- **GOAL OF THE EXERCISE**
Write down each of the records again, exactly and in full.

# # # #

lemma (in pair_prob_space)
  fixes g :: "'a \<Rightarrow> real" and f :: "'b \<Rightarrow> real"
  assumes g: "integrable M1 g" and f: "integrable M2 f"
  shows integrable_pair_fst_mult_snd: "integrable (M1 \<Otimes>\<^sub>M M2) (\<lambda>z. g (fst z) * f (snd z))"
    and integral_pair_fst_mult_snd:
      "(\<integral>z. g (fst z) * f (snd z) \<partial>(M1 \<Otimes>\<^sub>M M2)) = integral\<^sup>L M1 g * integral\<^sup>L M2 f"
proof -
  have [measurable]: "g \<in> borel_measurable M1" "f \<in> borel_measurable M2"
    using f g by auto
  show int: "integrable (M1 \<Otimes>\<^sub>M M2) (\<lambda>z. g (fst z) * f (snd z))"
  proof (rule Fubini_integrable)
    have "integrable M1 (\<lambda>x. \<bar>g x\<bar> * (\<integral>y. \<bar>f y\<bar> \<partial>M2))"
      using g by simp
    then show "integrable M1 (\<lambda>x. \<integral>y. norm (g (fst (x, y)) * f (snd (x, y))) \<partial>M2)"
      by (simp add: abs_mult)
    show "AE x in M1. integrable M2 (\<lambda>y. g (fst (x, y)) * f (snd (x, y)))"
      using f by simp
  qed measurable
  have "(\<integral>z. g (fst z) * f (snd z) \<partial>(M1 \<Otimes>\<^sub>M M2)) = (\<integral>x. (\<integral>y. g x * f y \<partial>M2) \<partial>M1)"
    using integral_fst[of "\<lambda>x y. g x * f y"] int by (simp add: case_prod_beta')
  then show "(\<integral>z. g (fst z) * f (snd z) \<partial>(M1 \<Otimes>\<^sub>M M2)) = integral\<^sup>L M1 g * integral\<^sup>L M2 f"
    by simp
qed

lemma (in pair_prob_space) evar_snd_minus_fst:
  fixes f :: "'b \<Rightarrow> real" and g :: "'a \<Rightarrow> real"
  assumes [measurable]: "f \<in> borel_measurable M2" "g \<in> borel_measurable M1"
    and f2: "integrable M2 (\<lambda>y. (f y)\<^sup>2)" and g2: "integrable M1 (\<lambda>x. (g x)\<^sup>2)"
  shows "evar (M1 \<Otimes>\<^sub>M M2) (\<lambda>(x, y). f y - g x) = ennreal (M2.variance f + M1.variance g)"
proof -
  have f: "integrable M2 f" and g: "integrable M1 g"
    using M2.square_integrable_imp_integrable[OF _ f2] M1.square_integrable_imp_integrable[OF _ g2]
    by simp_all
  define Y where "Y = (\<lambda>z. f (snd z) - g (fst z))"
  have Y_sq: "(Y z)\<^sup>2 = (f (snd z))\<^sup>2 + (g (fst z))\<^sup>2 - 2 * (g (fst z) * f (snd z))" for z
    by (simp add: Y_def power2_diff)
  note integrable_pair_fst[OF g] integrable_pair_snd[OF f]
    integrable_pair_fst[OF g2] integrable_pair_snd[OF f2] integrable_pair_fst_mult_snd[OF g f]
  then have int_Y: "integrable (M1 \<Otimes>\<^sub>M M2) Y" and int_Y2: "integrable (M1 \<Otimes>\<^sub>M M2) (\<lambda>z. (Y z)\<^sup>2)"
    unfolding Y_sq by (auto simp: Y_def)
  have "expectation Y = M2.expectation f - M1.expectation g"
    using integrable_pair_fst[OF g] integrable_pair_snd[OF f]
    by (simp add: Y_def integral_pair_fst[OF g] integral_pair_snd[OF f])
  moreover have "expectation (\<lambda>z. (Y z)\<^sup>2) = M2.expectation (\<lambda>y. (f y)\<^sup>2)
      + M1.expectation (\<lambda>x. (g x)\<^sup>2) - 2 * (M1.expectation g * M2.expectation f)"
    using integrable_pair_fst[OF g2] integrable_pair_snd[OF f2] integrable_pair_fst_mult_snd[OF g f]
    by (simp add: Y_sq integral_pair_fst[OF g2] integral_pair_snd[OF f2]
        integral_pair_fst_mult_snd[OF g f])
  ultimately have "variance Y = M2.variance f + M1.variance g"
    using variance_eq[OF int_Y int_Y2] M2.variance_eq[OF f f2] M1.variance_eq[OF g g2]
    by (simp add: power2_diff)
  moreover have "(\<lambda>(x, y). f y - g x) = Y"
    by (auto simp: Y_def)
  ultimately show ?thesis
    using int_Y2 by (simp add: evar_def)
qed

# # # #

- **RESPONSE TO THIS EXERCISE**
lemma (in pair_prob_space)
  fixes g :: "'a \<Rightarrow> real" and f :: "'b \<Rightarrow> real"
  assumes g: "integrable M1 g" and f: "integrable M2 f"
  shows integrable_pair_fst_mult_snd: "integrable (M1 \<Otimes>\<^sub>M M2) (\<lambda>z. g (fst z) * f (snd z))"
    and integral_pair_fst_mult_snd:
      "(\<integral>z. g (fst z) * f (snd z) \<partial>(M1 \<Otimes>\<^sub>M M2)) = integral\<^sup>L M1 g * integral\<^sup>L M2 f"
proof -
  have [measurable]: "g \<in> borel_measurable M1" "f \<in> borel_measurable M2"
    using f g by auto
  show int: "integrable (M1 \<Otimes>\<^sub>M M2) (\<lambda>z. g (fst z) * f (snd z))"
  proof (rule Fubini_integrable)
    have "integrable M1 (\<lambda>x. \<bar>g x\<bar> * (\<integral>y. \<bar>f y\<bar> \<partial>M2))"
      using g by simp
    then show "integrable M1 (\<lambda>x. \<integral>y. norm (g (fst (x, y)) * f (snd (x, y))) \<partial>M2)"
      by (simp add: abs_mult)
    show "AE x in M1. integrable M2 (\<lambda>y. g (fst (x, y)) * f (snd (x, y)))"
      using f by simp
  qed measurable
  have "(\<integral>z. g (fst z) * f (snd z) \<partial>(M1 \<Otimes>\<^sub>M M2)) = (\<integral>x. (\<integral>y. g x * f y \<partial>M2) \<partial>M1)"
    using integral_fst[of "\<lambda>x y. g x * f y"] int by (simp add: case_prod_beta')
  then show "(\<integral>z. g (fst z) * f (snd z) \<partial>(M1 \<Otimes>\<^sub>M M2)) = integral\<^sup>L M1 g * integral\<^sup>L M2 f"
    by simp
qed

lemma (in pair_prob_space) evar_snd_minus_fst:
  fixes f :: "'b \<Rightarrow> real" and g :: "'a \<Rightarrow> real"
  assumes [measurable]: "f \<in> borel_measurable M2" "g \<in> borel_measurable M1"
    and f2: "integrable M2 (\<lambda>y. (f y)\<^sup>2)" and g2: "integrable M1 (\<lambda>x. (g x)\<^sup>2)"
  shows "evar (M1 \<Otimes>\<^sub>M M2) (\<lambda>(x, y). f y - g x) = ennreal (M2.variance f + M1.variance g)"
proof -
  have f: "integrable M2 f" and g: "integrable M1 g"
    using M2.square_integrable_imp_integrable[OF _ f2] M1.square_integrable_imp_integrable[OF _ g2]
    by simp_all
  define Y where "Y = (\<lambda>z. f (snd z) - g (fst z))"
  have Y_sq: "(Y z)\<^sup>2 = (f (snd z))\<^sup>2 + (g (fst z))\<^sup>2 - 2 * (g (fst z) * f (snd z))" for z
    by (simp add: Y_def power2_diff)
  note integrable_pair_fst[OF g] integrable_pair_snd[OF f]
    integrable_pair_fst[OF g2] integrable_pair_snd[OF f2] integrable_pair_fst_mult_snd[OF g f]
  then have int_Y: "integrable (M1 \<Otimes>\<^sub>M M2) Y" and int_Y2: "integrable (M1 \<Otimes>\<^sub>M M2) (\<lambda>z. (Y z)\<^sup>2)"
    unfolding Y_sq by (auto simp: Y_def)
  have "expectation Y = M2.expectation f - M1.expectation g"
    using integrable_pair_fst[OF g] integrable_pair_snd[OF f]
    by (simp add: Y_def integral_pair_fst[OF g] integral_pair_snd[OF f])
  moreover have "expectation (\<lambda>z. (Y z)\<^sup>2) = M2.expectation (\<lambda>y. (f y)\<^sup>2)
      + M1.expectation (\<lambda>x. (g x)\<^sup>2) - 2 * (M1.expectation g * M2.expectation f)"
    using integrable_pair_fst[OF g2] integrable_pair_snd[OF f2] integrable_pair_fst_mult_snd[OF g f]
    by (simp add: Y_sq integral_pair_fst[OF g2] integral_pair_snd[OF f2]
        integral_pair_fst_mult_snd[OF g f])
  ultimately have "variance Y = M2.variance f + M1.variance g"
    using variance_eq[OF int_Y int_Y2] M2.variance_eq[OF f f2] M1.variance_eq[OF g g2]
    by (simp add: power2_diff)
  moreover have "(\<lambda>(x, y). f y - g x) = Y"
    by (auto simp: Y_def)
  ultimately show ?thesis
    using int_Y2 by (simp add: evar_def)
qed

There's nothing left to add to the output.